9 p.m.: Clinton should get a nice boost between 8:30 p.m. (when Arkansas' polls close) and 9 p.m. when the polling places in New York shut their doors. Both states look like relatively pedestrian victories for Clinton and should be called almost as soon as the polls close. Anything short of that scenario could spell trouble for Clinton.
Many of the caucuses -- Colorado, Idaho, Minnesota, New Mexico, North Dakota -- will be announcing their results around this time as well. Those should all be Obama wins and should allow him to push back against the Clinton victories in New York and Arkansas.
Our guess is that attention quickly will turn to Arizona which both campaigns believe they can win. Obama has Gov. Janet Napolitano and her political machine on his side but the state has a large Hispanic population -- a group that favored Clinton so far. This is a HUGE contest in terms of swinging momentum.

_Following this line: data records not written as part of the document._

(* Let $1<p<\infty$, $v_0,v_1\in\mathscr V_p(0,\infty)$, $1/v_1\in L^{p'}_{\rm loc}(0,\infty)$, and suppose there is $c\in(0,\infty)$ with $\|v_1^{-1}\|_{L^{p'}(0,c)}\|v_0\|_{L^p(0,c)}=\|v_1^{-1}\|_{L^{p'}(c,\infty)}\|v_0\|_{L^p(c,\infty)}=\infty$. Then $L^{p'}_{1/v_0}(0,\infty)\subset\mathscr W_{p',1/v_1}$ and $\|g\|_{\mathscr W_{p',1/v_1}}\lesssim\|g\|_{p',1/v_0}$ for every $g\in L^{p'}_{1/v_0}(0,\infty)$.
   Context: $p'=p/(p-1)$. For $1\le r<\infty$, $\mathscr V_r(0,\infty)$ is the set of $v\in L^r_{\rm loc}(0,\infty)$, $v\ge0$, $\|v\|_{L^1(0,\infty)}\ne0$. For a weight $u$ and $1<r<\infty$, $L^r_u(0,\infty)=\{h:\|h\|_{r,u}:=\|uh\|_{L^r(0,\infty)}<\infty\}$. Under the hypotheses there exist unique strictly increasing absolutely continuous functions $a,b$ on $(0,\infty)$ with $a(t),b(t)\to0$ as $t\to0$, $a(t),b(t)\to\infty$ as $t\to\infty$, $a(t)<t<b(t)$, $\int_{a(t)}^t v_1^{-p'}=\int_t^{b(t)}v_1^{-p'}$ and $\bigl(\int_{a(t)}^{b(t)}v_1^{-p'}\bigr)^{1/p'}\bigl(\int_{a(t)}^{b(t)}v_0^{p}\bigr)^{1/p}=1$ for all $t>0$; $a^{-1}$ is the inverse of $a$, $V_1(t):=\int_{a(t)}^{b(t)}v_1^{-p'}$. For $g\in L^1_{\rm loc}(0,\infty)$: $\mathbb G(g)=\Bigl(\int_0^\infty v_1^{-p'}(t)\Bigl|\int_t^{a^{-1}(t)}\frac{g(x)}{V_1(x)}\bigl(\int_{a(x)}^t v_1^{-p'}\bigr)dx\Bigr|^{p'}dt\Bigr)^{1/p'}$, $\mathcal G(g)=\Bigl(\int_0^\infty v_1^{-p'}(t)V_1^{p'}(t)\Bigl|\int_t^{a^{-1}(t)}\frac{g(x)}{V_1(x)}dx\Bigr|^{p'}dt\Bigr)^{1/p'}$; $\mathscr W_{p',1/v_1}=\{g\in L^1_{\rm loc}(0,\infty):\|g\|_{\mathscr W_{p',1/v_1}}:=\mathbb G(g)+\mathcal G(g)<\infty\}$. $A\lesssim B$ means $A\le CB$ with $C$ depending only on $p$. *)

theory Defs
  imports "HOL-Analysis.Analysis"
begin
text \<open>A basis of A/I is given by a set B \<subseteq> A of representatives with pairwise distinct
  cosets whose cosets are linearly independent in A/I and span A/I.\<close>
definition quotient_basis :: "('k::field \<Rightarrow> 'a::ring_1 \<Rightarrow> 'a) \<Rightarrow> 'a set \<Rightarrow> 'a set \<Rightarrow> bool" where
  "quotient_basis scale I B \<longleftrightarrow>
     (\<forall>b\<in>B. \<forall>b'\<in>B. b - b' \<in> I \<longrightarrow> b = b') \<and>
     (\<forall>S u. finite S \<longrightarrow> S \<subseteq> B \<longrightarrow> (\<Sum>b\<in>S. scale (u b) b) \<in> I \<longrightarrow> (\<forall>b\<in>S. u b = 0)) \<and>
     (\<forall>a. \<exists>S u. finite S \<and> S \<subseteq> B \<and> a - (\<Sum>b\<in>S. scale (u b) b) \<in> I)"

definition injective_quotient_valuation ::
  "('k::field \<Rightarrow> 'a::ring_1 \<Rightarrow> 'a) \<Rightarrow> 'a set \<Rightarrow> 'p set \<Rightarrow> ('p \<Rightarrow> 'p \<Rightarrow> 'p option)
     \<Rightarrow> ('p \<times> 'p) set \<Rightarrow> ('a \<Rightarrow> 'p) \<Rightarrow> bool" where
  "injective_quotient_valuation scale I P ps_op r \<nu> \<longleftrightarrow> quotient_valuation scale I P ps_op r \<nu> \<and>
     (\<exists>B. quotient_basis scale I B \<and> inj_on \<nu> B)"

end

theory Submission
  imports Defs
begin

text \<open>Because \<nu>0 is injective on a basis, two elements of equal value agree, up to a scalar
  factor, modulo an element of strictly smaller value. Hence the minimum \<nu>(a + I) of \<nu>0 over a
  coset is never the value of a nonzero element of I, and it equals \<nu>0 a unless that value
  lies in J. Choosing one preimage of every value outside J gives a basis of A/I: a
  nontrivial combination has the value of its leading term, which lies outside J, so it is not
  in I; and every element lies in the span of these preimages and I, by well-founded induction
  on the value, subtracting a multiple of a preimage or of an element of I with the same value.\<close>

lemma linear_order_onD:
  assumes "linear_order_on P r"
  shows "x \<in> P \<Longrightarrow> (x, x) \<in> r"
    and "(x, y) \<in> r \<Longrightarrow> (y, z) \<in> r \<Longrightarrow> (x, z) \<in> r"
    and "(x, y) \<in> r \<Longrightarrow> (y, x) \<in> r \<Longrightarrow> x = y"
    and "x \<in> P \<Longrightarrow> y \<in> P \<Longrightarrow> (x, y) \<in> r \<or> (y, x) \<in> r"
  using assms unfolding order_on_defs
  by (auto simp: refl_on_def total_on_def dest: transD antisymD) metis
(* Let $d\ge3$, $\Lambda\subset\mathbb R^d$ bounded, $\beta>0$, $0<z\le1$, $\varepsilon\in\{+1,-1\}$, and $U:\mathbb R^d\to[0,\infty)$ integrable with $U(-x)=U(x)$. Let $\mathbb A$ be the set of triples $\boldsymbol\omega=(\ell,x,\omega)$ with $\ell\ge1$ an integer, $x\in\Lambda$, and $\omega:[0,\ell\beta]\to\mathbb R^d$ a continuous path with $\omega(0)=\omega(\ell\beta)=x$, equipped with the complex measure $$d\mu(\boldsymbol\omega)=\frac{z^\ell\varepsilon^{\ell+1}}{\ell}\,dx\,dW^{\ell\beta}_{xx}(\omega)\,\chi_\Lambda(\omega)\prod_{0\le m<n\le\ell-1}\exp\Big\{-\int_0^\beta U\big(\omega(m\beta+t)-\omega(n\beta+t)\big)dt\Big\},$$ and let $$\zeta(\boldsymbol\omega,\boldsymbol\omega')=\exp\Big\{-\sum_{m=0}^{\ell-1}\sum_{n=0}^{\ell'-1}\int_0^\beta U\big(\omega(m\beta+t)-\omega'(n\beta+t)\big)dt\Big\}-1.$$ If $$\frac{\beta}{(2\pi\beta)^{d/2}}\int_{\mathbb R^d}U(x)\,dx\sum_{\ell\ge1}\ell^{-d/2}\le-\log z,$$ then $a(\boldsymbol\omega)=(-\log z)\ell$ satisfies, for all $\boldsymbol\omega=(\ell,x,\omega)\in\mathbb A$, $$\int d|\mu|(\boldsymbol\omega')\,|\zeta(\boldsymbol\omega,\boldsymbol\omega')|\,e^{a(\boldsymbol\omega')}\le a(\boldsymbol\omega).$$
   Context: $\chi_\Lambda(\omega)=1$ if $\omega(t)\in\Lambda$ for all $t$ in the domain of $\omega$, and $0$ otherwise. $W^{T}_{xy}$ denotes the (unnormalized) Wiener measure on continuous paths $\omega:[0,T]\to\mathbb R^d$ from $x$ to $y$: for $0<t_1<\dots<t_n<T$ and $f:\mathbb R^{nd}\to\mathbb R$, $$\int dW^T_{xy}(\omega)f(\omega(t_1),\dots,\omega(t_n))=\int dx_1\cdots\int dx_n\,\psi_{t_1}(x_1-x)\psi_{t_2-t_1}(x_2-x_1)\cdots\psi_{T-t_n}(y-x_n)f(x_1,\dots,x_n),$$ with $\psi_t(x)=(2\pi t)^{-d/2}e^{-x^2/2t}$. $|\mu|$ is the total variation of $\mu$. *)

theory Defs
  imports "HOL-Analysis.Analysis"
begin

definition heat_kernel :: "real \<Rightarrow> 'a::euclidean_space \<Rightarrow> real" where
  "heat_kernel t x = (2 * pi * t) powr (- real DIM('a) / 2) * exp (- ((norm x) ^ 2) / (2 * t))"
private lemma frob_involution: "(x ^ 3 ^ k) ^ 3 ^ k = (x::'a)"
  using finite_field_power_card[of x] card by (simp flip: power_mult power_add add: mult_2)

private lemma frob_pair:
  "(u::'a) \<in> frob_fixed k \<Longrightarrow> (w::'a) \<in> frob_fixed k \<Longrightarrow> (u + i * w) ^ 3 ^ k = u - i * w"
  unfolding frob_fixed_def by (simp add: frob_add power_mult_distrib i_anti_fixed)

text \<open>
  The inverse is \<open>y \<mapsto> ((y + \<sigma> y) / 2, (y - \<sigma> y) / (2 i))\<close> with \<open>\<sigma> y = y ^ 3 ^ k\<close>,
  written using \<open>1 / 2 = -1\<close> and \<open>1 / (2 i) = i\<close> in characteristic 3.
\<close>
lemma bij_betw_frob_fixed_pair:
  "bij_betw (\<lambda>(u, w). u + i * w) (frob_fixed k \<times> frob_fixed k) UNIV"
proof (rule bij_betw_byWitness[where f' = "\<lambda>y. (- (y + y ^ 3 ^ k), i * (y - y ^ 3 ^ k))"])
  have two: "(2::'a) = -1" by (rule char3_two_eq[OF char3])
  have i_i: "i * i = -1" using i_square by (simp add: power2_eq_square)
  show "\<forall>p\<in>frob_fixed k \<times> frob_fixed k.
      (\<lambda>y. (- (y + y ^ 3 ^ k), i * (y - y ^ 3 ^ k))) ((\<lambda>(u, w). u + i * w) p) = p"
  proof
    fix p :: "'a \<times> 'a" assume "p \<in> frob_fixed k \<times> frob_fixed k"
    then obtain u w where p: "p = (u, w)" "u \<in> frob_fixed k" "w \<in> frob_fixed k" by blast
    then have "- (u + i * w + (u + i * w) ^ 3 ^ k) = - (2 * u)"
      and "i * (u + i * w - (u + i * w) ^ 3 ^ k) = 2 * (i * i) * w"
      by (simp_all add: frob_pair algebra_simps)
    then show "(\<lambda>y. (- (y + y ^ 3 ^ k), i * (y - y ^ 3 ^ k))) ((\<lambda>(u, w). u + i * w) p) = p"
      by (simp add: p(1) two i_i)
  qed
  show "\<forall>y\<in>UNIV. (\<lambda>(u, w). u + i * w) (- (y + y ^ 3 ^ k), i * (y - y ^ 3 ^ k)) = y"
  proof
    fix y :: 'a
    have "- (y + y ^ 3 ^ k) + i * (i * (y - y ^ 3 ^ k)) = - (2 * y)"
      using i_i by (simp add: algebra_simps mult.assoc[symmetric])
    then show "(\<lambda>(u, w). u + i * w) (- (y + y ^ 3 ^ k), i * (y - y ^ 3 ^ k)) = y"
      by (simp add: two)
  qed
  show "(\<lambda>y. (- (y + y ^ 3 ^ k), i * (y - y ^ 3 ^ k))) ` UNIV \<subseteq> frob_fixed k \<times> frob_fixed k"
  proof
    fix p assume "p \<in> (\<lambda>y. (- (y + y ^ 3 ^ k), i * (y - y ^ 3 ^ k))) ` UNIV"
    then obtain y where p: "p = (- (y + y ^ 3 ^ k), i * (y - y ^ 3 ^ k))" by blast
    have "(y - y ^ 3 ^ k) ^ 3 ^ k = y ^ 3 ^ k - y"
      using frob_add[of y "- (y ^ 3 ^ k)"] by (simp add: power_minus_odd frob_involution)
    then have "(i * (y - y ^ 3 ^ k)) ^ 3 ^ k = i * (y - y ^ 3 ^ k)"
      by (simp only: power_mult_distrib i_anti_fixed) (simp add: algebra_simps)
    then have "i * (y - y ^ 3 ^ k) \<in> frob_fixed k" unfolding frob_fixed_def by simp
    moreover have "y + y ^ 3 ^ k \<in> frob_fixed k"
      unfolding frob_fixed_def by (simp add: frob_add frob_involution)
    ultimately show "p \<in> frob_fixed k \<times> frob_fixed k" unfolding p by (blast intro: frob_fixed_uminus)
  qed
qed simp

lemma card_frob_fixed: "card (frob_fixed k :: 'a set) = 3 ^ k"
proof -
  have "card (frob_fixed k :: 'a set) ^ 2 = 3 ^ k * 3 ^ k"
    using bij_betw_same_card[OF bij_betw_frob_fixed_pair] card
    by (simp add: card_cartesian_product power2_eq_square power_add mult_2)
  then show ?thesis
    by (metis power2_eq_square power2_eq_imp_eq zero_le)
qed

lemma tr_square_frob_fixed_pair:
  assumes "u \<in> frob_fixed k" and "w \<in> frob_fixed k"
  shows "tr (2 * k) ((u + i * w)\<^sup>2) = - tr k ((u - w) * (u + w))"
proof -
  have two: "(2::'a) = -1" by (rule char3_two_eq[OF char3])
  have "(u + i * w)\<^sup>2 = u * u + 2 * (i * (u * w)) + i\<^sup>2 * (w * w)"
    by (simp add: power2_eq_square algebra_simps)
  also have "\<dots> = (u - w) * (u + w) + - (i * (u * w))"
    by (simp add: i_square two algebra_simps)
  finally have "(u + i * w)\<^sup>2 = (u - w) * (u + w) + - (i * (u * w))" .
  moreover have "(u - w) * (u + w) \<in> frob_fixed k"
    using assms by (simp add: frob_fixed_mult frob_fixed_add frob_fixed_diff char3)
  moreover have "(i * (u * w)) ^ 3 ^ k = - (i * (u * w))"
    using assms unfolding frob_fixed_def by (simp add: power_mult_distrib i_anti_fixed)
  ultimately show ?thesis
    by (simp add: tr_diff[OF char3] tr_double_frob_fixed tr_double_frob_anti_fixed two)
qed

end

lemma bij_betw_diff_add_frob_fixed:
  assumes "(3::'a::comm_ring_1) = 0"
  shows "bij_betw (\<lambda>(u, w). (u - w, u + w))
    (frob_fixed k \<times> frob_fixed k :: ('a \<times> 'a) set) (frob_fixed k \<times> frob_fixed k)"
proof -
  have "(2::'a) = -1" by (rule char3_two_eq[OF assms])
  then have cancel: "- (a + a) = a" for a :: 'a by (simp flip: mult_2)
  \<comment> \<open>the inverse \<open>(s, t) \<mapsto> ((s + t) / 2, (t - s) / 2)\<close>, written with \<open>1 / 2 = -1\<close>\<close>
  show ?thesis
    by (rule bij_betw_byWitness[where f' = "\<lambda>(s, t). (- (s + t), s - t)"])
      (use cancel in \<open>auto simp: algebra_simps
        intro: frob_fixed_add[OF assms] frob_fixed_diff[OF assms] frob_fixed_uminus\<close>)
qed

lemma card_tr_square_eq_zero:
  assumes card: "CARD('a::{field,finite}) = 3 ^ (2 * k)" and "odd k"
  shows "card {y::'a. tr (2 * k) (y\<^sup>2) = 0} = 3 ^ k + (3 ^ k - 1) * 3 ^ (k - 1)"
proof -
  have char3: "(3::'a) = 0" by (rule char3_of_card[OF card])
  obtain i :: 'a where i: "i\<^sup>2 = -1" "i ^ 3 ^ k = - i"
    using sqrt_minus_one_frob_anti_fixed[OF assms] by blast
  let ?K = "frob_fixed k :: 'a set"
  have "card {y::'a. tr (2 * k) (y\<^sup>2) = 0} = card {y\<in>UNIV. tr (2 * k) (y\<^sup>2) = (0::'a)}"
    by simp
  also have "\<dots> = card {p\<in>?K \<times> ?K. tr (2 * k) (((\<lambda>(u, w). u + i * w) p)\<^sup>2) = 0}"
    by (rule card_Collect_bij_betw[OF bij_betw_frob_fixed_pair[OF card i], symmetric])
  also have "\<dots> = card {(u, w)\<in>?K \<times> ?K. tr k ((u - w) * (u + w)) = 0}"
    using tr_square_frob_fixed_pair[OF card i] by (intro arg_cong[where f = card]) auto
  also have "\<dots> = card {p\<in>?K \<times> ?K. (\<lambda>(s, t). tr k (s * t) = 0) ((\<lambda>(u, w). (u - w, u + w)) p)}"
    by (intro arg_cong[where f = card]) auto
  also have "\<dots> = card {(s, t)\<in>?K \<times> ?K. tr k (s * t) = 0}"
    by (subst card_Collect_bij_betw[OF bij_betw_diff_add_frob_fixed[OF char3]])
      (rule arg_cong[where f = card], auto)
  also have "\<dots> = 3 ^ k + (3 ^ k - 1) * 3 ^ (k - 1)"
  proof (rule card_tr_mult_eq_zero[OF char3])
    show "1 \<le> k" using \<open>odd k\<close> by (cases k) auto
  qed (auto simp: card_frob_fixed[OF card i] frob_fixed_add[OF char3] frob_fixed_uminus
      frob_fixed_mult frob_fixed_divide, auto simp: frob_fixed_def)
  finally show ?thesis .
qed

lemma card_Qset_tr_nonzero:
  assumes card: "CARD('a::{field,finite}) = 3 ^ (2 * k)" and "odd k"
  shows "card {x\<in>(Qset::'a set). tr (2 * k) x \<noteq> 0} = (3 ^ k - 1) * 3 ^ (k - 1)"
proof -
  define A where "A = card {x\<in>(Qset::'a set). tr (2 * k) x \<noteq> 0}"
  define s :: nat where "s = 3 ^ (k - 1)"
  have k: "k = Suc (k - 1)" using \<open>odd k\<close> by (cases k) auto
  then have s3: "(3::nat) ^ k = 3 * s" unfolding s_def by (metis power_Suc)
  have "s \<ge> 1" unfolding s_def by simp
  have two: "(2::'a) \<noteq> 0" by (rule char3_two_ne_zero[OF char3_of_card[OF card]])
  let ?Z = "{y::'a. tr (2 * k) (y\<^sup>2) = 0}"
  have "{y::'a. y \<noteq> 0 \<and> tr (2 * k) (y\<^sup>2) \<noteq> 0} = UNIV - ?Z" by (auto simp: power_0_left)
  moreover have "card ?Z \<le> CARD('a)" by (rule card_mono) auto
  ultimately have "2 * A + card ?Z = CARD('a)"
    using card_nonzero_square_preimage[OF two, of "\<lambda>x. tr (2 * k) x \<noteq> 0"] unfolding A_def
    by (simp add: card_Diff_subset)
  moreover have "CARD('a) = 3 * s * (3 * s)"
    unfolding card mult_2 power_add s3 ..
  ultimately have count: "2 * A + (3 * s + (3 * s - 1) * s) = 3 * s * (3 * s)"
    using card_tr_square_eq_zero[OF assms] s3 unfolding s_def by simp
  have "2 * int A + (3 * int s + (3 * int s - 1) * int s) = 3 * int s * (3 * int s)"
    using arg_cong[OF count, of int] \<open>s \<ge> 1\<close> by (simp add: of_nat_diff)
  then have "int A = (3 * int s - 1) * int s" by (simp add: algebra_simps)
  moreover have "int ((3 * s - 1) * s) = (3 * int s - 1) * int s"
    using \<open>s \<ge> 1\<close> by (simp add: of_nat_diff)
  ultimately show ?thesis unfolding A_def s3 s_def[symmetric] by (metis of_nat_eq_iff)
qed

lemma card_Nset_tr_nonzero:
  assumes card: "CARD('a::{field,finite}) = 3 ^ (2 * k)" and "odd k"
  shows "card {x\<in>(Nset::'a set). tr (2 * k) x \<noteq> 0} = (3 ^ k + 1) * 3 ^ (k - 1)"
proof -
  define s :: nat where "s = 3 ^ (k - 1)"
  have k: "k = Suc (k - 1)" using \<open>odd k\<close> by (cases k) auto
  then have s3: "(3::nat) ^ k = 3 * s" unfolding s_def by (metis power_Suc)
  have "s \<ge> 1" unfolding s_def by simp
  have "{z::'a. tr (2 * k) z \<noteq> 0} = {x\<in>Qset. tr (2 * k) x \<noteq> 0} \<union> {x\<in>Nset. tr (2 * k) x \<noteq> 0}"
  proof -
    have "z \<in> Qset \<union> Nset" if "tr (2 * k) z \<noteq> (0::'a)" for z
      using that Qset_Nset_partition(1) by (cases "z = 0") auto
    then show ?thesis by blast
  qed
  then have "card {z::'a. tr (2 * k) z \<noteq> 0}
      = card {x\<in>(Qset::'a set). tr (2 * k) x \<noteq> 0} + card {x\<in>(Nset::'a set). tr (2 * k) x \<noteq> 0}"
    using Qset_Nset_partition(2) by (simp only:) (rule card_Un_disjoint, auto)
  moreover have "card {z::'a. tr (2 * k) z \<noteq> 0} = 2 * (3 * s * s)"
  proof -
    have "2 * k - 1 = k + (k - 1)" using k by arith
    then have "(3::nat) ^ (2 * k - 1) = 3 * s * s" unfolding s_def by (simp add: power_add s3[unfolded s_def])
    then show ?thesis using card_tr_nonzero[OF card] k by simp
  qed
  ultimately have count: "(3 * s - 1) * s + card {x\<in>(Nset::'a set). tr (2 * k) x \<noteq> 0} = 2 * (3 * s * s)"
    using card_Qset_tr_nonzero[OF assms] s3 unfolding s_def by simp
  have "(3 * int s - 1) * int s + int (card {x\<in>(Nset::'a set). tr (2 * k) x \<noteq> 0}) = 2 * (3 * int s * int s)"
    using arg_cong[OF count, of int] \<open>s \<ge> 1\<close> by (simp add: of_nat_diff)
  then have "int (card {x\<in>(Nset::'a set). tr (2 * k) x \<noteq> 0}) = int ((3 * s + 1) * s)"
    by (simp add: algebra_simps)
  then show ?thesis unfolding s3 s_def[symmetric] by (metis of_nat_eq_iff)
qed

lemma card_tr_mult_Qset:
  fixes c :: "'a::field"
  assumes "c \<in> Qset"
  shows "card {x\<in>Qset. tr m (c * x) \<noteq> 0} = card {x\<in>(Qset::'a set). tr m x \<noteq> 0}"
proof -
  have "c \<noteq> 0" using assms unfolding Qset_def by simp
  then have "bij_betw ((*) c) Qset Qset"
    by (intro bij_betw_byWitness[of _ "\<lambda>y. y / c"]) (auto intro: Qset_mult Qset_divide assms)
  then show ?thesis by (rule card_Collect_bij_betw)
qed

lemma card_tr_mult_Nset:
  fixes c :: "'a::{field,finite}"
  assumes "(2::'a) \<noteq> 0" and "c \<in> Nset"
  shows "card {x\<in>Qset. tr m (c * x) \<noteq> 0} = card {x\<in>(Nset::'a set). tr m x \<noteq> 0}"
proof -
  have "c \<noteq> 0" using assms(2) Qset_Nset_partition(3) by auto
  then have "bij_betw ((*) c) Qset Nset"
    unfolding bij_betw_def using image_mult_Qset_eq_Nset[OF assms] by (simp add: inj_on_def)
  then show ?thesis by (rule card_Collect_bij_betw)
qed

section \<open>Lee weights of the codewords\<close>

lemma elem_eq: "elem x1 x2 x3 = (x1 - x2 + x3, x2 - 2 * x3, x3 :: 'a::comm_ring_1)"
  unfolding elem_def radd_def rmul_def rconst_def um1sq_def um1_def by (simp add: algebra_simps)

lemma inj_elem: "inj (\<lambda>(x1, x2, x3). elem x1 x2 (x3 :: 'a::comm_ring_1))"
  by (rule injI) (auto simp: elem_eq)

lemma Lprime_eq_image_elem:
  "(Lprime :: 'a::field R3 set) = (\<lambda>(x1, x2, x3). elem x1 x2 x3) ` (Qset \<times> UNIV \<times> UNIV)"
proof
  show "(Lprime :: 'a R3 set) \<subseteq> (\<lambda>(x1, x2, x3). elem x1 x2 x3) ` (Qset \<times> UNIV \<times> UNIV)"
  proof
    fix y :: "'a R3" assume "y \<in> Lprime"
    then obtain x1 x2 x3 where "y = elem x1 x2 x3" "x1 \<in> Qset" unfolding Lprime_def by blast
    then show "y \<in> (\<lambda>(x1, x2, x3). elem x1 x2 x3) ` (Qset \<times> UNIV \<times> UNIV)"
      by (intro rev_image_eqI[of "(x1, x2, x3)"]) auto
  qed
qed (auto simp: Lprime_def)
(* Let $K$ be a hexagonal trefoil knot with vertices $v_1,\dots,v_6$ and let $\hat K$ be its quadrisecant approximation. If $\hat K$ has a new quadrisecant of type-1 or type-2, then this quadrisecant lies in at least one of the planes $P_1,\dots,P_6$.
   Context: A knot is a locally flat simple closed curve in $\mathbb R^3$; a polygonal knot is a union of finitely many straight segments, whose maximal segments are edges. A hexagonal trefoil knot is a polygonal knot with exactly six edges having the knot type of the trefoil. Label its vertices cyclically $v_1,\dots,v_6$ (indices mod 6), with edges $e_{i\,i+1}=\overline{v_iv_{i+1}}$, and let $P_i$ be the plane through $v_{i-1},v_i,v_{i+1}$. A quadrisecant of a knot or closed polygonal curve $C$ is a straight line $L$ such that $C\cap L$ has at least four connected components. The quadrisecant approximation $\hat K$ is obtained by marking all intersection points of $K$ with its (finitely many) quadrisecants and replacing each subarc of $K$ between consecutive marked points by the straight segment joining them. Each edge $e_{i\,i+1}$ contains exactly two marked points, and $\hat K$ has twelve edges: $O_i$, the segment of $e_{i\,i+1}$ between its two marked points, and $N_i$, the segment joining $O_{i-1}$ and $O_i$ (joining the marked point of $e_{i-1\,i}$ nearest $v_i$ to the marked point of $e_{i\,i+1}$ nearest $v_i$). A new quadrisecant of $\hat K$ is a quadrisecant of $\hat K$ that is not a quadrisecant of $K$. A quadrisecant $L$ of $\hat K$ is of type-$k$ if there are four distinct points of $L\cap\hat K$ lying on four distinct edges of $\hat K$ such that exactly $k$ pairs among these four edges are adjacent (share a vertex); a quadrisecant through vertices may have more than one type. *)

theory Defs
  imports "HOL-Analysis.Analysis"
begin

definition ambient_isotopic :: "(real^3) set \<Rightarrow> (real^3) set \<Rightarrow> bool" where
  "ambient_isotopic A B \<longleftrightarrow>
     (\<exists>H :: (real, real^3) prod \<Rightarrow> real^3.
        continuous_on ({0..1} \<times> UNIV) H \<and>
        (\<forall>t\<in>{0..1}. \<exists>g. homeomorphism UNIV UNIV (\<lambda>x. H (t, x)) g) \<and>
        (\<forall>x. H (0, x) = x) \<and>
        (\<lambda>x. H (1, x)) ` A = B)"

This hour, too, has much good news for McCain as he should easily win in his home state of Arizona as well as New York. If McCain does so, the question will be how the coverage plays out over the next two hours. McCain will likely have a number of the early states won by this point with no other large states closing between now and 11 p.m. That lull will allow more analysis to be done on the GOP side -- analysis that could well send a message to voters in western states (particularly California) that the race is over and McCain has won. Obviously that sort of coverage would be a major boon for McCain and a bust for Romney.
10 p.m.: Utah closes. The Beehive State is as close to a sure thing as there is for Romney. But will it be enough to counter the potential storyline of a McCain sweep in the east and Midwest? Utah is a small state and heavily Mormon so Romney might not get the credit for winning it that he would have otherwise.
11 p.m.: California, the state we've all been waiting for all night, finally closes its polling places. California once looked like a lock for Clinton and McCain but no longer.
On the Democratic side, Obama has made up ground rapidly and enters Election Day with a 50-50 chance of carrying the state. There are really two fights at work in the Golden State. The first is the practical fight for delegates, a battle that seems almost certain to end in something close to a draw due to the proportional manner of winning delegates by congressional district and the differing areas of strength for Clinton and Obama. The second, and perhaps more important fight, is one of perception. California is by far the biggest Super Tuesday state. Combine that with the fact it is the only state with polls that close at 11 p.m. and it's easy to conclude that the eyes of the political world -- and the average voter as well -- will be directly on it from 11 p.m. on. A victory here will leave a strong impression before we all go to bed and get ready to sift through the Super Tuesday detritus on Hangover Wednesday.
California is similarly important on the Republican side. Against all odds, Romney is surprisingly competitive with McCain in the state and winning here would make up for a lot of losses by the former Massachusetts governor earlier in the night. As we wrote above, Romney needs to find a way to claim a symbolic victory or two tonight to justify continuing on, and California provides his best chance at doing just that. Even if Romney loses three quarters of the other 21 states on the Republican map tonight, a win in California allows him to make the case that the contest continues on because the largest state in the union decided he is still in the ring.